## SUPPLIED INFORMATION
lemma bpow_period_unit:
  assumes "bpow q (Suc n) = q" "n \<ge> 1" "j \<ge> 1"
  shows "bpow q n * bpow q j = bpow q j" "bpow q j * bpow q n = bpow q j"
  using bpow_add[of n j q] bpow_add[of j n q] bpow_period[OF assms] assms(2,3)
  by (simp_all add: add.commute)

section \<open>Roots of unity\<close>

lemma primitive_root_of_unity_of_nat_neq_0:
  fixes w :: "'f::field"
  assumes root: "primitive_root_of_unity n w" and "n \<ge> 1"
  shows "of_nat n \<noteq> (0::'f)"
proof
  assume n0: "of_nat n = (0::'f)"
  have "CHAR('f) > 0" using n0 \<open>n \<ge> 1\<close> by (subst CHAR_pos_iff) (auto intro!: exI[of _ n])
  then have p: "prime CHAR('f)" by (rule prime_CHAR_semidom)
  obtain m where nm: "n = CHAR('f) * m" using n0 by (auto simp: of_nat_eq_0_iff_char_dvd elim: dvdE)
  \<comment> \<open>In characteristic \<open>p\<close>, \<open>(w\<^sup>m - 1)\<^sup>p = w\<^sup>n - 1 = 0\<close> for \<open>m = n / p\<close>.\<close>
  have "(w ^ m + (- 1)) ^ CHAR('f) = (w ^ m) ^ CHAR('f) + (- 1) ^ CHAR('f)"
    by (rule freshmans_dream[OF p refl])
  also have "\<dots> = w ^ n - 1"
    by (simp add: minus_power_prime_CHAR[OF refl p] nm power_mult[symmetric] mult.commute)
  finally have "w ^ m = 1" using root by (simp add: primitive_root_of_unity_def)
  moreover have "m > 0" using nm \<open>n \<ge> 1\<close> by (cases m) auto
  moreover have "m < n" using nm \<open>m > 0\<close> prime_ge_2_nat[OF p] by simp
  ultimately show False using root by (auto simp: primitive_root_of_unity_def)
qed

## PROBLEM DESCRIPTION
Write the entries out once more, exactly as given.

## OUTPUT FOR THIS TASK
lemma bpow_period_unit:
  assumes "bpow q (Suc n) = q" "n \<ge> 1" "j \<ge> 1"
  shows "bpow q n * bpow q j = bpow q j" "bpow q j * bpow q n = bpow q j"
  using bpow_add[of n j q] bpow_add[of j n q] bpow_period[OF assms] assms(2,3)
  by (simp_all add: add.commute)

section \<open>Roots of unity\<close>

lemma primitive_root_of_unity_of_nat_neq_0:
  fixes w :: "'f::field"
  assumes root: "primitive_root_of_unity n w" and "n \<ge> 1"
  shows "of_nat n \<noteq> (0::'f)"
proof
  assume n0: "of_nat n = (0::'f)"
  have "CHAR('f) > 0" using n0 \<open>n \<ge> 1\<close> by (subst CHAR_pos_iff) (auto intro!: exI[of _ n])
  then have p: "prime CHAR('f)" by (rule prime_CHAR_semidom)
  obtain m where nm: "n = CHAR('f) * m" using n0 by (auto simp: of_nat_eq_0_iff_char_dvd elim: dvdE)
  \<comment> \<open>In characteristic \<open>p\<close>, \<open>(w\<^sup>m - 1)\<^sup>p = w\<^sup>n - 1 = 0\<close> for \<open>m = n / p\<close>.\<close>
  have "(w ^ m + (- 1)) ^ CHAR('f) = (w ^ m) ^ CHAR('f) + (- 1) ^ CHAR('f)"
    by (rule freshmans_dream[OF p refl])
  also have "\<dots> = w ^ n - 1"
    by (simp add: minus_power_prime_CHAR[OF refl p] nm power_mult[symmetric] mult.commute)
  finally have "w ^ m = 1" using root by (simp add: primitive_root_of_unity_def)
  moreover have "m > 0" using nm \<open>n \<ge> 1\<close> by (cases m) auto
  moreover have "m < n" using nm \<open>m > 0\<close> prime_ge_2_nat[OF p] by simp
  ultimately show False using root by (auto simp: primitive_root_of_unity_def)
qed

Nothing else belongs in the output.